As a therapist I’ve never subscribed to the ‘you need to do X number of sessions with me’ school of thought. Over the course of the years I’ve noticed that there is no set pattern. Some people are helped with just one session, others come more regularly, and others fall into all the variations in between. I’ve always put this down to the way I work with people: I translate what their body and energy system is trying to tell them so that every session is tailor-made. So I was very interested to unearth some findings on ‘brief but intensive’ therapies for this month’s On the Border.
Psychotherapy is not what most people think of as a quick fix. From its early Freudian roots, it has taken the form of 50- to 60-minute sessions repeated weekly (or more often) over a period of months or even years. For modern cognitive-behavioural therapy (CBT), 10 to 20 weekly sessions is a typical trajectory. But must it be so?
For nearly 20 years Thomas Ollendick, director of the Child Study Center at Virginia Tech, has been testing briefer, more intensive forms of CBT for childhood anxiety disorders and getting results that closely match those of slower versions. His centre often has a waiting list for treatments that include a four-day therapy for obsessive-compulsive disorder (OCD) and a three-hour intervention for specific phobias (such as fear of flying, heights or dogs). Around the U.S. and Europe, short-course therapies for anxiety disorders have begun to catch on, creating a new movement in both adult and child psychology.
The idea originated with Swedish psychologist Lars-Göran Öst, now professor emeritus at Stockholm University. Some 40 years ago Öst got the impression that not all his phobia patients needed multiple weeks of therapy and decided to ask if they would like to try a single, three-hour session. His first taker was a 35-year-old spider-phobic woman. She lived five hours away and was happy to be able to be treated in one go. He later showed the efficacy of the approach in a clinical trial, although it took four years to recruit 20 participants. The reason it took so long was, he discovered, that people with a specific phobia rarely apply for treatment. It appeared that they just adjust their lives [say, avoiding spiders] or think they can’t be helped. Öst went on to work with a team in Bergen, Norway, to test an intensive therapy for OCD known as the Bergen four-day treatment. By the early 2000s Ollendick was adapting brief therapies for adolescents and kids.
The details vary, but the quick treatments have some common features. They generally begin with “psychoeducation,” in which patients learn about their condition and the catastrophic thoughts that keep it locked in place. In Bergen, this is done in a small group. With children, the lessons may be more hands-on and concrete.

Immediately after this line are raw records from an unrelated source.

lemma prod_dvd_det_if_col_dvd:
  assumes "\<And>x y. x < m \<Longrightarrow> y < m \<Longrightarrow> c y dvd F x y"
  shows "(\<Prod>y\<in>{0..<m}. c y) dvd det (mat m m (\<lambda>(x, y). F x y))"
proof -
  have "det (mat m m (\<lambda>(x, y). F x y)) = (\<Sum>p\<in>{p. p permutes {0..<m}}. signof p * (\<Prod>x\<in>{0..<m}. F x (p x)))"
    by (subst det_def') (auto intro!: sum.cong prod.cong dest: permutes_in_image)
  also have "(\<Prod>y\<in>{0..<m}. c y) dvd \<dots>"
  proof (rule dvd_sum)
    fix p assume "p \<in> {p. p permutes {0..<m}}"
    then have p: "p permutes {0..<m}" by simp
    have "(\<Prod>y\<in>{0..<m}. c y) = (\<Prod>x\<in>{0..<m}. c (p x))"
      using prod.permute[OF p, of c] by (simp add: comp_def)
    also have "\<dots> dvd (\<Prod>x\<in>{0..<m}. F x (p x))"
      using assms permutes_in_image[OF p] by (intro prod_dvd_prod) auto
    finally show "(\<Prod>y\<in>{0..<m}. c y) dvd signof p * (\<Prod>x\<in>{0..<m}. F x (p x))" by simp
  qed
  finally show ?thesis .
qed

lemma sum_last_le_sum_subset:
  fixes lam :: "nat \<Rightarrow> 'a :: ordered_comm_monoid_add"
  assumes anti: "antimono_on {1..R} lam"
  shows "n \<le> R \<Longrightarrow> K \<subseteq> {1..n} \<Longrightarrow> card K = m \<Longrightarrow> (\<Sum>k = n + 1 - m..n. lam k) \<le> (\<Sum>k\<in>K. lam k)"
proof (induction n arbitrary: K m)
  case 0 then show ?case by auto
next
  case (Suc n)
  have finK: "finite K" using Suc.prems(2) finite_subset by blast
  show ?case
  proof (cases "Suc n \<in> K")
    case True
    define K' where "K' = K - {Suc n}"
    have K': "K' \<subseteq> {1..n}" "card K' = m - 1" using Suc.prems True finK unfolding K'_def by auto
    have m1: "1 \<le> m" using True finK Suc.prems(3) card_0_eq by fastforce
    have IH: "(\<Sum>k\<in>{n+1-(m-1)..n}. lam k) \<le> (\<Sum>k\<in>K'. lam k)"
      using Suc.IH[OF _ K'] Suc.prems(1) by simp
    have "(\<Sum>k\<in>K. lam k) = lam (Suc n) + (\<Sum>k\<in>K'. lam k)"
      unfolding K'_def using True finK by (simp add: sum.remove)
    moreover have "(\<Sum>k\<in>{Suc n+1-m..Suc n}. lam k) = lam (Suc n) + (\<Sum>k\<in>{n+1-(m-1)..n}. lam k)"
    proof -
      have "{Suc n+1-m..Suc n} = insert (Suc n) {n+1-(m-1)..n}" using m1 by auto
      then show ?thesis by simp
    qed
    ultimately show ?thesis using IH by (simp add: add_left_mono)
  next
    case False
    have K: "K \<subseteq> {1..n}"
    proof
      fix x assume "x \<in> K"
      then have "x \<in> {1..Suc n}" "x \<noteq> Suc n" using Suc.prems(2) False by auto
      then show "x \<in> {1..n}" by auto
    qed
    have mr: "m \<le> n" using card_mono[OF _ K] Suc.prems(3) by simp
    have IH: "(\<Sum>k\<in>{n+1-m..n}. lam k) \<le> (\<Sum>k\<in>K. lam k)"
      using Suc.IH[OF _ K Suc.prems(3)] Suc.prems(1) by simp
    have "(\<Sum>k\<in>{Suc n+1-m..Suc n}. lam k) = (\<Sum>k\<in>{n+1-m..n}. lam (Suc k))"
      using mr sum.shift_bounds_cl_Suc_ivl[of lam "n+1-m" n] by (simp add: Suc_diff_le)
    also have "\<dots> \<le> (\<Sum>k\<in>{n+1-m..n}. lam k)"
      using Suc.prems(1) mr by (intro sum_mono monotone_onD[OF anti]) auto
    finally show ?thesis using IH by simp
  qed
qed

lemma minor_eq_0_if_not_inj:
  assumes "\<not> inj_on g {0..<m}"
  shows "minor A m f g = 0"
proof -
  obtain y1 y2 where y: "y1 < m" "y2 < m" "y1 \<noteq> y2" "g y1 = g y2"
    using assms unfolding inj_on_def by auto
  let ?M = "mat m m (\<lambda>(x, y). A $$ (f x, g y))"
  have "col ?M y1 = col ?M y2" using y by (intro eq_vecI) auto
  then show ?thesis unfolding minor_def using y by (intro det_identical_columns[of ?M m y1 y2]) auto
qed

lemma sum_last_le_sum_column_parts:
  fixes lam :: "nat \<Rightarrow> enat"
  assumes rs: "r \<le> s" and lam: "antimono_on {1..r} lam"
    and inj: "inj_on g {0..<m}" and g: "\<forall>y<m. g y < s"
  shows "(\<Sum>k = r + 1 - m..r. lam k) \<le> (\<Sum>y\<in>{0..<m}. if s - r \<le> g y then lam (g y - (s - r) + 1) else \<infinity>)"
    (is "_ \<le> (\<Sum>y\<in>{0..<m}. ?w y)")
proof (cases "\<exists>y<m. g y < s - r")
  case True
  then obtain y where y: "y < m" "g y < s - r" by blast
  then have "?w y = \<infinity>" "y \<in> {0..<m}" by simp_all
  then have "\<exists>k\<in>{0..<m}. ?w k = \<infinity>" by blast
  then have "(\<Sum>y\<in>{0..<m}. ?w y) = \<infinity>" by (simp only: sum_eq_infinity_iff[OF finite_atLeastLessThan])
  then show ?thesis by simp
next
  case False
  define h where "h y = g y - (s - r) + 1" for y
  have ge: "s - r \<le> g y" if "y < m" for y using False that by (meson not_less)
  have "inj_on h {0..<m}"
  proof (rule inj_onI)
    fix y1 y2 assume "y1 \<in> {0..<m}" "y2 \<in> {0..<m}" "h y1 = h y2"
    then have "g y1 = g y2" using ge[of y1] ge[of y2] unfolding h_def by simp
    from inj_onD[OF inj this] show "y1 = y2" using \<open>y1 \<in> _\<close> \<open>y2 \<in> _\<close> .
  qed
  moreover have "h ` {0..<m} \<subseteq> {1..r}"
  proof (rule image_subsetI)
    fix y assume "y \<in> {0..<m}"
    then have "g y < s" "s - r \<le> g y" using g ge by simp_all
    then show "h y \<in> {1..r}" unfolding h_def using rs by simp
  qed
  ultimately have "(\<Sum>k = r + 1 - m..r. lam k) \<le> (\<Sum>k\<in>h ` {0..<m}. lam k)"
    by (intro sum_last_le_sum_subset[OF lam]) (auto simp: card_image)
  also have "\<dots> = (\<Sum>y\<in>{0..<m}. ?w y)"
    using ge unfolding sum.reindex[OF \<open>inj_on h _\<close>] by (intro sum.cong) (auto simp: h_def)
  finally show ?thesis .
qed
lemma replay_seq_prefix:
  assumes ly: "length y = n + n_aux"
  shows "j \<le> length gs \<Longrightarrow> replay j (seq_prefix y j) = run j (replay 0 y)"
proof (induction j)
  case 0
  then show ?case by (simp add: seq_prefix_def)
next
  case (Suc j)
  let ?z = "seq_prefix y j" and ?z' = "seq_prefix y (Suc j)"
  let ?v = "new_value j (run j (replay 0 y))"
  have j: "j < length gs" and IH: "replay j ?z = run j (replay 0 y)" using Suc by auto
  have z': "?z' = ?z[slot j := ?v]"
    using IH seq_map_nth_slot[OF j] by (simp add: seq_prefix_def upd_def)
  have "replay j ?z' ! i = replay j ?z ! i" if "i < m" "i \<noteq> written j" for i
  proof (rule replay_cong)
    have "slot j \<noteq> slot s'" if "s' < j" for s'
      using inj_onD[OF inj_on_slot, of j s'] j that by auto
    then show "\<forall>s'<j. ?z' ! slot s' = ?z ! slot s'" using z' by simp
    show "i < n \<and> i \<notin> written ` {..<j} \<longrightarrow> ?z' ! i = ?z ! i"
      using slot_less_n[of j] that z' by (cases "slot j < n") auto
  qed (use ly that in auto)
  moreover have "length (replay j ?z') = m" "length (replay j ?z) = m" using ly by simp_all
  ultimately have "(replay j ?z')[written j := ?v] = (replay j ?z)[written j := ?v]"
    using written_spec[OF j] by (intro nth_equalityI) (auto simp: nth_list_update)
  moreover have "?z' ! slot j = ?v" using z' slot_less[OF j] ly by simp
  ultimately show ?case using IH by simp
qed
lemma odd_euler_product_Suc_le: "odd_euler_product (Suc w) \<le> 3 / 2 * odd_euler_product w"
proof (cases "Suc w \<in> odd_primes_upto (Suc w)")
  case True
  then have "odd_primes_upto (Suc w) = insert (Suc w) (odd_primes_upto w)"
    by (auto simp: odd_primes_upto_def le_Suc_eq)
  then have "odd_euler_product (Suc w) = real (Suc w) / (real (Suc w) - 1) * odd_euler_product w"
    by (simp add: odd_euler_product_def odd_primes_upto_def)
  also have "\<dots> \<le> 3 / 2 * odd_euler_product w"
    using odd_primes_upto_ge_3[OF True] odd_euler_product_ge_1[of w]
    by (intro mult_right_mono) (auto simp: field_simps)
  finally show ?thesis .
next
  case False
  then have "odd_primes_upto (Suc w) = odd_primes_upto w"
    by (auto simp: odd_primes_upto_def le_Suc_eq)
  then show ?thesis using odd_euler_product_ge_1[of w] by (simp add: odd_euler_product_def)
qed

text \<open>Since \<open>w \<mapsto> odd_euler_product w\<close> is unbounded but grows by a factor of at most \<open>3/2\<close>
  per step, the first \<open>w\<close> at which it reaches \<open>K\<close> also bounds it from above.\<close>
lemma odd_euler_product_between:
  assumes "K \<ge> 1"
  obtains w where "K \<le> odd_euler_product w" "odd_euler_product w \<le> 3 / 2 * K" "real w \<le> exp (2 * K) + 1"
proof -
  define z where "z = nat \<lceil>exp (2 * K)\<rceil>"
  have "real z = of_int \<lceil>exp (2 * K)\<rceil>"
    unfolding z_def by (rule of_nat_nat) (simp add: order.strict_trans2[OF _ exp_ge_zero])
  then have "exp (2 * K) \<le> real z" "real z \<le> exp (2 * K) + 1"
    using of_int_ceiling_le_add_one[of "exp (2 * K)"] by linarith+
  then have "2 * K \<le> ln (real z + 1)" by (subst ln_ge_iff) auto
  then have reach: "K \<le> odd_euler_product z" using ln_le_odd_euler_product[of z] by linarith
  define w where "w = (LEAST w. K \<le> odd_euler_product w)"
  have "K \<le> odd_euler_product w" unfolding w_def by (rule LeastI[of _ z]) (rule reach)
  moreover have "w \<le> z" unfolding w_def by (rule Least_le) (rule reach)
  moreover have "odd_euler_product w \<le> 3 / 2 * K"
  proof (cases w)
    case 0
    have "odd_primes_upto 0 = {}" by (auto simp: odd_primes_upto_def dest: prime_gt_0_nat)
    then show ?thesis using 0 assms by (simp add: odd_euler_product_def)
  next
    case (Suc w')
    then have "\<not> K \<le> odd_euler_product w'"
      using not_less_Least[of w' "\<lambda>w. K \<le> odd_euler_product w"] by (simp add: w_def)
    then show ?thesis using odd_euler_product_Suc_le[of w'] Suc by simp
  qed
  ultimately show ?thesis using that \<open>real z \<le> exp (2 * K) + 1\<close> by simp
qed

For instance, Ollendick might help a snake-phobic kid grasp why the creature moves in a creepy, slithering way by having the child lie on the floor and try to go forward without using any limbs.
A second part usually involves “exposure and response prevention,” in which patients confront in incremental steps whatever triggers their anxiety: perhaps shopping, for agoraphobics, or having dirty hands, for people with OCD. With support from the therapist, they learn to tolerate it and see it as less threatening. Patients leave with homework to reinforce the lessons. Parents may be taught how to support a child’s progress.
How well do these approaches work? A 2017 meta-analyisis by Öst and Ollendick looked at 23 randomised controlled studies and found that “brief, intensive, or concentrated” therapies for childhood anxiety disorders were comparable to standard CBT. With the quicker therapies, 54 percent of patients were better immediately post-treatment, and that rose to 64 percent on follow-up—presumably because they continued to practice and apply what they had learned. With standard therapy, 57 percent were better after the final session and 63 percent on follow-up. The severity of symptoms and whether the patient was also taking antianxiety medication did not seem to impact outcomes.
An obvious advantage to quick therapy is that it accelerates relief. Making these briefer therapies more widely available could help address the sad fact that only about a third of patients with anxiety disorders get any kind of treatment. A weeklong therapy could be completed over a school or work vacation. Sufferers in out of the way places who cannot find CBT nearby could be treated during a short out-of-town stay. The intensive approach requires special training and a big shift for therapists—and health insurers— accustomed to the tradition of 50-minute blocks. But is there really anything sacred about that when it’s the person’s best interest at heart?
REFERENCES:
Lars-Göran Öst. One Session Treatment for Specific Phobias. Behaviour Research and Therapy, 1989, volume 27, issue 1, pages 1-7.
https://www.sciencedirect.com/science/article/abs/pii/0005796789901137
Lars-Göran Öst and Thomas Ollendick. Brief, intensive and concentrated cognitive behavioral treatments for anxiety disorders in children: A systematic review and meta-analysis. Behaviour Research and Therapy, 2017, October, pages 134-145.